In case the answer is "no, this is the standard way of doing things in nalgebra" then I'll accept that with enough evidence. I just want to make sure that I'm not doing something wrong. Coming from a numpy / Python background, vectorized form of these type of bulk operations is preferred/more performant than iterating over arrays.
I expected this code to not auto-vectorize, but to my surprise, it did!
Still, there is a faster version (around 2x). Actually, two of them:
#[inline]
pub fn naive(m: &mut DMatrix<f32>) {
for r in 0..m.shape().0 {
for c in 0..m.shape().1 {
m[(r, c)] = m[(r, c)].clamp(-1.0, 1.0);
}
}
}
#[inline]
pub fn apply(m: &mut DMatrix<f32>) {
m.apply(|v| *v = v.clamp(-1.0, 1.0));
}
#[inline]
pub fn as_slice(m: &mut DMatrix<f32>) {
for v in m.as_mut_slice() {
*v = v.clamp(-1.0, 1.0);
}
}
apply()
and as_mut_slice()
have the same performance (even though I expected the latter to vectorize better, and thus be faster), so you should probably use apply()

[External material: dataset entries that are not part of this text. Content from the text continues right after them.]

(* With notation as in the context, for $|z|<1$ one has $F^{W}_q(z:p_1,\dots,p_n)=(1-z)^{-W}F^{0}_q(z:p_1,\dots,p_n)$. Consequently, if $L(q:p_1,\dots,p_n)$ and $L(q:s_1,\dots,s_n)$ have the same generating function (equivalently, are isospectral), then for every $W\ge0$ the spaces $L^{(W)}(q:p_1,\dots,p_n)$ and $L^{(W)}(q:s_1,\dots,s_n)$ have the same generating function (equivalently, are isospectral).
   Context: Let $R(\theta)=\begin{pmatrix}\cos 2\pi\theta & \sin 2\pi\theta\\ -\sin 2\pi\theta & \cos 2\pi\theta\end{pmatrix}$. For integers $q\ge2$, $W\ge0$ and $p_1,\dots,p_n$ with $\gcd(p_1,\dots,p_n,q)=1$, $g=\mathrm{diag}(R(p_1/q),\dots,R(p_n/q),I_W)\in O(2n+W)$, $G=\langle g\rangle$, and $L^{(W)}(q:p_1,\dots,p_n)=S^{2n+W-1}/G$ with the metric induced from the round unit sphere; $L(q:\cdot)=L^{(0)}(q:\cdot)$. Let $\mathcal H^k$ be the space of restrictions to the sphere of harmonic homogeneous polynomials of degree $k$ on $\mathbf R^{2n+W}$, $\mathcal H^k_G$ its $G$-invariant subspace, and $F^W_q(z:p_1,\dots,p_n)=\sum_{k\ge0}(\dim\mathcal H^k_G)z^k$ the generating function of the spectrum (the multiplicity of eigenvalue $k(k+2n+W-2)$ is $\dim\mathcal H^k_G$, and there are no other eigenvalues). *)

theory Defs
  imports "HOL-Analysis.Analysis" "HOL-Library.Function_Algebras"
begin

text \<open>Points of R^N are modelled as functions nat => real vanishing at indices >= N.\<close>

definition sphere_pts :: "nat \<Rightarrow> (nat \<Rightarrow> real) set" where
  "sphere_pts N = {x. (\<forall>i\<ge>N. x i = 0) \<and> (\<Sum>i<N. (x i)^2) = 1}"

text \<open>A polynomial in the variables x_0..x_(N-1) is given by a finitely supported
  coefficient function on multi-indices.\<close>

definition hom_poly_coeffs :: "nat \<Rightarrow> nat \<Rightarrow> ((nat \<Rightarrow> nat) \<Rightarrow> real) \<Rightarrow> bool" where
  "hom_poly_coeffs N k c \<longleftrightarrow> finite {a. c a \<noteq> 0} \<and>
     (\<forall>a. c a \<noteq> 0 \<longrightarrow> (\<forall>i\<ge>N. a i = 0) \<and> (\<Sum>i<N. a i) = k)"

definition poly_fun :: "nat \<Rightarrow> ((nat \<Rightarrow> nat) \<Rightarrow> real) \<Rightarrow> (nat \<Rightarrow> real) \<Rightarrow> real" where
  "poly_fun N c x = (\<Sum>a\<in>{a. c a \<noteq> 0}. c a * (\<Prod>i<N. x i ^ a i))"

text \<open>Coefficients of the Laplacian of the polynomial with coefficients c:
  the coefficient of x^b in Delta(sum c_a x^a) is sum_i (b_i+2)(b_i+1) c(b + 2 e_i).\<close>

definition laplacian_coeffs :: "nat \<Rightarrow> ((nat \<Rightarrow> nat) \<Rightarrow> real) \<Rightarrow> (nat \<Rightarrow> nat) \<Rightarrow> real" where
  "laplacian_coeffs N c b = (\<Sum>i<N. real ((b i + 2) * (b i + 1)) * c (b(i := b i + 2)))"

definition harmonic_coeffs :: "nat \<Rightarrow> ((nat \<Rightarrow> nat) \<Rightarrow> real) \<Rightarrow> bool" where
  "harmonic_coeffs N c \<longleftrightarrow> (\<forall>b. laplacian_coeffs N c b = 0)"

text \<open>H^k: restrictions to S^(N-1) of harmonic homogeneous polynomials of degree k
  (functions are set to 0 off the sphere).\<close>

definition harm_space :: "nat \<Rightarrow> nat \<Rightarrow> ((nat \<Rightarrow> real) \<Rightarrow> real) set" where
  "harm_space N k = {(\<lambda>x. if x \<in> sphere_pts N then poly_fun N c x else 0) | c.
       hom_poly_coeffs N k c \<and> harmonic_coeffs N c}"

text \<open>The generator g = diag(R(p_1/q),...,R(p_n/q), I_W) acting on column vectors:
  block j acts on coordinates 2j, 2j+1.\<close>

definition lens_gen :: "nat \<Rightarrow> int list \<Rightarrow> (nat \<Rightarrow> real) \<Rightarrow> (nat \<Rightarrow> real)" where
  "lens_gen q p x = (\<lambda>i. if i < 2 * length p then
      (let t = 2 * pi * real_of_int (p ! (i div 2)) / real q in
        if even i then cos t * x i + sin t * x (i + 1)
        else - sin t * x (i - 1) + cos t * x i)
      else x i)"

definition lens_group :: "nat \<Rightarrow> int list \<Rightarrow> ((nat \<Rightarrow> real) \<Rightarrow> (nat \<Rightarrow> real)) set" where
  "lens_group q p = {(lens_gen q p) ^^ m | m. True}"

definition invariant_harm_space :: "nat \<Rightarrow> nat \<Rightarrow> int list \<Rightarrow> nat \<Rightarrow> ((nat \<Rightarrow> real) \<Rightarrow> real) set" where
  "invariant_harm_space W q p k =
     {f \<in> harm_space (2 * length p + W) k.
        \<forall>h\<in>lens_group q p. \<forall>x\<in>sphere_pts (2 * length p + W). f (h x) = f x}"

definition fun_dim :: "('a \<Rightarrow> real) set \<Rightarrow> nat" where
  "fun_dim V = vector_space.dim (\<lambda>(c::real) f x. c * f x) V"

definition gen_fun :: "nat \<Rightarrow> nat \<Rightarrow> int list \<Rightarrow> complex \<Rightarrow> complex" where
  "gen_fun W q p z = (\<Sum>k. of_nat (fun_dim (invariant_harm_space W q p k)) * z ^ k)"

end

theory Submission
  imports Defs "HOL-Computational_Algebra.Polynomial"
begin

(* Put N = 2n + W, the dimension of the space containing the sphere of L^(W)(q:p).  Passing
   from W to W+1 adds a coordinate x_N that g fixes, and the heart of the proof is the formula
   dim H^k_G(W+1) = sum_{j<=k} dim H^j_G(W); for generating functions this says
   F^(W+1) = F^W / (1 - z), and the corollary follows by induction on W.
   Restriction to the sphere is injective on homogeneous polynomials, so H^k_G is identified
   with the space inv_harm q p N k of coefficient functions of homogeneous, harmonic,
   g-invariant polynomials.  Differentiation d/dx_N maps inv_harm (N+1) k onto
   inv_harm (N+1) (k-1) with kernel inv_harm N k, and rank-nullity gives the formula.
   Surjectivity requires every invariant polynomial to be the Laplacian of an invariant one:
   Delta o |x|^2 is injective (it is positive for the Fischer inner product) and preserves
   invariants, because the Laplacian is a sum of second directional derivatives and g acts by
   rotations of coordinate pairs. *)

section \<open>Homogeneous polynomials given by coefficient functions\<close>

definition mindex :: "nat \<Rightarrow> nat \<Rightarrow> (nat \<Rightarrow> nat) set" where
  "mindex N k = {a. (\<forall>i\<ge>N. a i = 0) \<and> (\<Sum>i<N. a i) = k}"

definition monom_val :: "nat \<Rightarrow> (nat \<Rightarrow> nat) \<Rightarrow> (nat \<Rightarrow> real) \<Rightarrow> real" where
  "monom_val N a x = (\<Prod>i<N. x i ^ a i)"

definition hpoly :: "nat \<Rightarrow> nat \<Rightarrow> ((nat \<Rightarrow> nat) \<Rightarrow> real) \<Rightarrow> (nat \<Rightarrow> real) \<Rightarrow> real" where
  "hpoly N k c x = (\<Sum>a\<in>mindex N k. c a * monom_val N a x)"

lemma finite_mindex: "finite (mindex N k)"
proof -
  have "mindex N k \<subseteq> {f. \<forall>x. (x \<in> {..<N} \<longrightarrow> f x \<in> {..k}) \<and> (x \<notin> {..<N} \<longrightarrow> f x = 0)}"
  proof
    fix a assume a: "a \<in> mindex N k"
    { fix i assume "i < N"
      then have "a i \<le> (\<Sum>i<N. a i)" by (intro member_le_sum) auto
      then have "a i \<le> k" using a by (simp add: mindex_def) }
    then show "a \<in> {f. \<forall>x. (x \<in> {..<N} \<longrightarrow> f x \<in> {..k}) \<and> (x \<notin> {..<N} \<longrightarrow> f x = 0)}"
      using a by (auto simp: mindex_def)
  qed
  then show ?thesis by (rule finite_subset) (intro finite_set_of_finite_funs; simp)
qed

, as it is more generic and supports e.g. views (it will probably be slower with them, though, because it won't vectorize).
nalgebra
's clamp()
generates worse assembly than f32/64::clamp()
, so I used the latter. It indeed performs slightly better in the benchhmark.
Benchmark for a matrix of 1000x1000, on my computer that has AVX2:
naive time: [1.5351 ms 1.5599 ms 1.5845 ms]
apply time: [715.58 µs 724.89 µs 735.01 µs]
as_slice time: [712.68 µs 721.35 µs 731.02 µs]
naive_nalgebra_clamp time: [1.5515 ms 1.5681 ms 1.5877 ms]
apply_nalgebra_clamp time: [756.30 µs 763.27 µs 771.27 µs]
as_slice_nalgebra_clamp time: [735.29 µs 743.23 µs 752.35 µs]
Remember to set -C target-feature=<highest_target_feature_you_can_allow>
for best performance.